_TASK OBJECTIVE_:
Exactly as written, print each of the entries.
*** DATA ***
(* Let $(\rho_n)$, $(\tau_n)$ be sequences of positive functions on $\mathbb{R}^2$ with $\int_{\mathbb{R}^2}\rho_n dx=a>0$ and $\int_{\mathbb{R}^2}\tau_n dx=b>0$ for all $n$. Suppose $(B_1(\rho_n,\tau_n))$ is bounded. Then for every $\varepsilon>0$ there exists $\xi(\varepsilon)>0$ such that for all $r>\xi$ and all $n\in\mathbb{N}$, $$\sup_{x\in\mathbb{R}^2}\int_{B_r(x)}\rho_n(y)dy\ge a-\varepsilon\quad\text{and}\quad \sup_{x\in\mathbb{R}^2}\int_{B_r(x)}\tau_n(y)dy\ge b-\varepsilon.$$
   Context: $B_1(f,g):=\iint_{\mathbb{R}^2\times\mathbb{R}^2}\log(1+|x-y|)f(x)g(y)\,dx\,dy$ for nonnegative measurable $f,g$; $B_r(x)$ is the ball of radius $r$ centered at $x$. *)

theory Defs
  imports "HOL-Analysis.Analysis"
begin

definition B1 :: "(real^2 \<Rightarrow> real) \<Rightarrow> (real^2 \<Rightarrow> real) \<Rightarrow> ennreal" where
  "B1 f g = (\<integral>\<^sup>+ x. (\<integral>\<^sup>+ y. ennreal (ln (1 + dist x y) * f x * g y) \<partial>lebesgue) \<partial>lebesgue)"

end

theory Submission imports Defs begin

text \<open>Outside the ball of radius R around x the weight ln(1 + |x - y|) is at least ln(1 + R).
  Hence for every x the mass of g outside that ball is at most the log-moment of g about x divided
  by ln(1 + R), and integrating this against f gives
  (\<integral>f) ((\<integral>g) - sup_x \<integral>_{B_R(x)} g) \<le> B_1(f,g) / ln(1 + R).
  A uniform bound on B_1 and the symmetry of B_1 therefore force both mass sequences to
  concentrate, up to \<epsilon>, in balls whose radius depends only on \<epsilon>.\<close>

lemma sigma_finite_lebesgue: "sigma_finite_measure (lebesgue :: 'a::euclidean_space measure)"
proof
  show "\<exists>A::'a set set. countable A \<and> A \<subseteq> sets lebesgue \<and> \<Union>A = space lebesgue \<and>
      (\<forall>a\<in>A. emeasure lebesgue a \<noteq> \<infinity>)"
    by (intro exI[of _ "range (\<lambda>n::nat. box (- real n *\<^sub>R One) (real n *\<^sub>R One))"])
       (auto simp: emeasure_lborel_box_eq UN_box_eq_UNIV)
qed

lemma log_kernel_measurable:
  fixes f g :: "'a::euclidean_space \<Rightarrow> real"
  assumes "f \<in> borel_measurable lebesgue" "g \<in> borel_measurable lebesgue"
  shows "(\<lambda>p. ennreal (ln (1 + dist (fst p) (snd p)) * f (fst p) * g (snd p)))
           \<in> borel_measurable (lebesgue \<Otimes>\<^sub>M lebesgue)"
proof -
  have ident: "(\<lambda>x. x) \<in> measurable lebesgue (borel :: 'a measure)"
    by (rule measurable_completion[OF measurable_ident_sets[OF sets_lborel]])
  note [measurable] =
    measurable_compose[OF measurable_fst ident] measurable_compose[OF measurable_snd ident]
    measurable_compose[OF measurable_fst assms(1)] measurable_compose[OF measurable_snd assms(2)]
  show ?thesis by measurable
qed

lemma B1_commute:
  assumes "f \<in> borel_measurable lebesgue" "g \<in> borel_measurable lebesgue"
  shows "B1 f g = B1 g f"
proof -
  interpret pair_sigma_finite lebesgue lebesgue
    by (simp add: pair_sigma_finite_def sigma_finite_lebesgue)
  show ?thesis
    unfolding B1_def
    using Fubini[OF log_kernel_measurable[OF assms]]
    by (simp add: dist_commute mult.commute mult.left_commute)
qed

lemma le_ball_indicator_plus_log_weight:
  fixes x y :: "'a::metric_space"
  assumes "c \<ge> 0" "R > 0"
  shows "c \<le> c * indicator (ball x R) y + ln (1 + dist x y) * c / ln (1 + R)"
proof (cases "dist x y < R")
  case True
  then show ?thesis using assms by simp
next
  case False
  then have "ln (1 + R) \<le> ln (1 + dist x y)" using assms(2) by simp
  then have "c * ln (1 + R) \<le> ln (1 + dist x y) * c"
    using assms(1) by (simp add: mult.commute mult_left_mono)
  then show ?thesis using False assms by (simp add: pos_le_divide_eq)
qed

lemma mass_le_ball_mass_plus_log_moment:
  fixes g :: "'a::euclidean_space \<Rightarrow> real"
  assumes g_nonneg: "\<And>y. g y \<ge> 0" and g_int: "integrable lebesgue g" and "R > 0"
  shows "ennreal (\<integral>y. g y \<partial>lebesgue)
    \<le> ennreal (\<integral>y\<in>ball x R. g y \<partial>lebesgue)
       + ennreal (1 / ln (1 + R)) * (\<integral>\<^sup>+y. ennreal (ln (1 + dist x y) * g y) \<partial>lebesgue)"
proof -
  have [measurable]: "g \<in> borel_measurable lebesgue"
    using g_int by (rule borel_measurable_integrable)
  have [measurable]: "(\<lambda>y. dist x y) \<in> borel_measurable lebesgue"
    by (rule measurable_completion) (simp add: borel_measurable_continuous_onI continuous_on_dist)
  have [measurable]: "ball x R \<in> sets lebesgue"
    by simp
  have ball_int: "integrable lebesgue (\<lambda>y. g y * indicator (ball x R) y)"
    using integrable_mult_indicator[OF _ g_int] by (simp add: mult.commute)
  have "ennreal (\<integral>y. g y \<partial>lebesgue) = (\<integral>\<^sup>+y. ennreal (g y) \<partial>lebesgue)"
    using g_int g_nonneg by (simp add: nn_integral_eq_integral)
  also have "\<dots> \<le> (\<integral>\<^sup>+y. ennreal (g y * indicator (ball x R) y)
      + ennreal (1 / ln (1 + R)) * ennreal (ln (1 + dist x y) * g y) \<partial>lebesgue)"
  proof (rule nn_integral_mono)
    fix y
    show "ennreal (g y) \<le> ennreal (g y * indicator (ball x R) y)
      + ennreal (1 / ln (1 + R)) * ennreal (ln (1 + dist x y) * g y)"
      using le_ball_indicator_plus_log_weight[OF g_nonneg[of y] \<open>R > 0\<close>, of x y]
        g_nonneg[of y] \<open>R > 0\<close>
      by (simp add: ennreal_mult'[symmetric] ennreal_plus[symmetric] del: ennreal_plus)
  qed
  also have "\<dots> = (\<integral>\<^sup>+y. ennreal (g y * indicator (ball x R) y) \<partial>lebesgue)
      + ennreal (1 / ln (1 + R)) * (\<integral>\<^sup>+y. ennreal (ln (1 + dist x y) * g y) \<partial>lebesgue)"
    by (subst nn_integral_add) (measurable, simp add: nn_integral_cmult)
  also have "(\<integral>\<^sup>+y. ennreal (g y * indicator (ball x R) y) \<partial>lebesgue)
      = ennreal (\<integral>y\<in>ball x R. g y \<partial>lebesgue)"
    using ball_int g_nonneg
    by (simp add: nn_integral_eq_integral set_lebesgue_integral_def mult.commute)
  finally show ?thesis .
qed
*** End of DATA ***
_ANSWER SPACE_:
(* Let $(\rho_n)$, $(\tau_n)$ be sequences of positive functions on $\mathbb{R}^2$ with $\int_{\mathbb{R}^2}\rho_n dx=a>0$ and $\int_{\mathbb{R}^2}\tau_n dx=b>0$ for all $n$. Suppose $(B_1(\rho_n,\tau_n))$ is bounded. Then for every $\varepsilon>0$ there exists $\xi(\varepsilon)>0$ such that for all $r>\xi$ and all $n\in\mathbb{N}$, $$\sup_{x\in\mathbb{R}^2}\int_{B_r(x)}\rho_n(y)dy\ge a-\varepsilon\quad\text{and}\quad \sup_{x\in\mathbb{R}^2}\int_{B_r(x)}\tau_n(y)dy\ge b-\varepsilon.$$
   Context: $B_1(f,g):=\iint_{\mathbb{R}^2\times\mathbb{R}^2}\log(1+|x-y|)f(x)g(y)\,dx\,dy$ for nonnegative measurable $f,g$; $B_r(x)$ is the ball of radius $r$ centered at $x$. *)

theory Defs
  imports "HOL-Analysis.Analysis"
begin

definition B1 :: "(real^2 \<Rightarrow> real) \<Rightarrow> (real^2 \<Rightarrow> real) \<Rightarrow> ennreal" where
  "B1 f g = (\<integral>\<^sup>+ x. (\<integral>\<^sup>+ y. ennreal (ln (1 + dist x y) * f x * g y) \<partial>lebesgue) \<partial>lebesgue)"

end

theory Submission imports Defs begin

text \<open>Outside the ball of radius R around x the weight ln(1 + |x - y|) is at least ln(1 + R).
  Hence for every x the mass of g outside that ball is at most the log-moment of g about x divided
  by ln(1 + R), and integrating this against f gives
  (\<integral>f) ((\<integral>g) - sup_x \<integral>_{B_R(x)} g) \<le> B_1(f,g) / ln(1 + R).
  A uniform bound on B_1 and the symmetry of B_1 therefore force both mass sequences to
  concentrate, up to \<epsilon>, in balls whose radius depends only on \<epsilon>.\<close>

lemma sigma_finite_lebesgue: "sigma_finite_measure (lebesgue :: 'a::euclidean_space measure)"
proof
  show "\<exists>A::'a set set. countable A \<and> A \<subseteq> sets lebesgue \<and> \<Union>A = space lebesgue \<and>
      (\<forall>a\<in>A. emeasure lebesgue a \<noteq> \<infinity>)"
    by (intro exI[of _ "range (\<lambda>n::nat. box (- real n *\<^sub>R One) (real n *\<^sub>R One))"])
       (auto simp: emeasure_lborel_box_eq UN_box_eq_UNIV)
qed

lemma log_kernel_measurable:
  fixes f g :: "'a::euclidean_space \<Rightarrow> real"
  assumes "f \<in> borel_measurable lebesgue" "g \<in> borel_measurable lebesgue"
  shows "(\<lambda>p. ennreal (ln (1 + dist (fst p) (snd p)) * f (fst p) * g (snd p)))
           \<in> borel_measurable (lebesgue \<Otimes>\<^sub>M lebesgue)"
proof -
  have ident: "(\<lambda>x. x) \<in> measurable lebesgue (borel :: 'a measure)"
    by (rule measurable_completion[OF measurable_ident_sets[OF sets_lborel]])
  note [measurable] =
    measurable_compose[OF measurable_fst ident] measurable_compose[OF measurable_snd ident]
    measurable_compose[OF measurable_fst assms(1)] measurable_compose[OF measurable_snd assms(2)]
  show ?thesis by measurable
qed

lemma B1_commute:
  assumes "f \<in> borel_measurable lebesgue" "g \<in> borel_measurable lebesgue"
  shows "B1 f g = B1 g f"
proof -
  interpret pair_sigma_finite lebesgue lebesgue
    by (simp add: pair_sigma_finite_def sigma_finite_lebesgue)
  show ?thesis
    unfolding B1_def
    using Fubini[OF log_kernel_measurable[OF assms]]
    by (simp add: dist_commute mult.commute mult.left_commute)
qed

lemma le_ball_indicator_plus_log_weight:
  fixes x y :: "'a::metric_space"
  assumes "c \<ge> 0" "R > 0"
  shows "c \<le> c * indicator (ball x R) y + ln (1 + dist x y) * c / ln (1 + R)"
proof (cases "dist x y < R")
  case True
  then show ?thesis using assms by simp
next
  case False
  then have "ln (1 + R) \<le> ln (1 + dist x y)" using assms(2) by simp
  then have "c * ln (1 + R) \<le> ln (1 + dist x y) * c"
    using assms(1) by (simp add: mult.commute mult_left_mono)
  then show ?thesis using False assms by (simp add: pos_le_divide_eq)
qed

lemma mass_le_ball_mass_plus_log_moment:
  fixes g :: "'a::euclidean_space \<Rightarrow> real"
  assumes g_nonneg: "\<And>y. g y \<ge> 0" and g_int: "integrable lebesgue g" and "R > 0"
  shows "ennreal (\<integral>y. g y \<partial>lebesgue)
    \<le> ennreal (\<integral>y\<in>ball x R. g y \<partial>lebesgue)
       + ennreal (1 / ln (1 + R)) * (\<integral>\<^sup>+y. ennreal (ln (1 + dist x y) * g y) \<partial>lebesgue)"
proof -
  have [measurable]: "g \<in> borel_measurable lebesgue"
    using g_int by (rule borel_measurable_integrable)
  have [measurable]: "(\<lambda>y. dist x y) \<in> borel_measurable lebesgue"
    by (rule measurable_completion) (simp add: borel_measurable_continuous_onI continuous_on_dist)
  have [measurable]: "ball x R \<in> sets lebesgue"
    by simp
  have ball_int: "integrable lebesgue (\<lambda>y. g y * indicator (ball x R) y)"
    using integrable_mult_indicator[OF _ g_int] by (simp add: mult.commute)
  have "ennreal (\<integral>y. g y \<partial>lebesgue) = (\<integral>\<^sup>+y. ennreal (g y) \<partial>lebesgue)"
    using g_int g_nonneg by (simp add: nn_integral_eq_integral)
  also have "\<dots> \<le> (\<integral>\<^sup>+y. ennreal (g y * indicator (ball x R) y)
      + ennreal (1 / ln (1 + R)) * ennreal (ln (1 + dist x y) * g y) \<partial>lebesgue)"
  proof (rule nn_integral_mono)
    fix y
    show "ennreal (g y) \<le> ennreal (g y * indicator (ball x R) y)
      + ennreal (1 / ln (1 + R)) * ennreal (ln (1 + dist x y) * g y)"
      using le_ball_indicator_plus_log_weight[OF g_nonneg[of y] \<open>R > 0\<close>, of x y]
        g_nonneg[of y] \<open>R > 0\<close>
      by (simp add: ennreal_mult'[symmetric] ennreal_plus[symmetric] del: ennreal_plus)
  qed
  also have "\<dots> = (\<integral>\<^sup>+y. ennreal (g y * indicator (ball x R) y) \<partial>lebesgue)
      + ennreal (1 / ln (1 + R)) * (\<integral>\<^sup>+y. ennreal (ln (1 + dist x y) * g y) \<partial>lebesgue)"
    by (subst nn_integral_add) (measurable, simp add: nn_integral_cmult)
  also have "(\<integral>\<^sup>+y. ennreal (g y * indicator (ball x R) y) \<partial>lebesgue)
      = ennreal (\<integral>y\<in>ball x R. g y \<partial>lebesgue)"
    using ball_int g_nonneg
    by (simp add: nn_integral_eq_integral set_lebesgue_integral_def mult.commute)
  finally show ?thesis .
qed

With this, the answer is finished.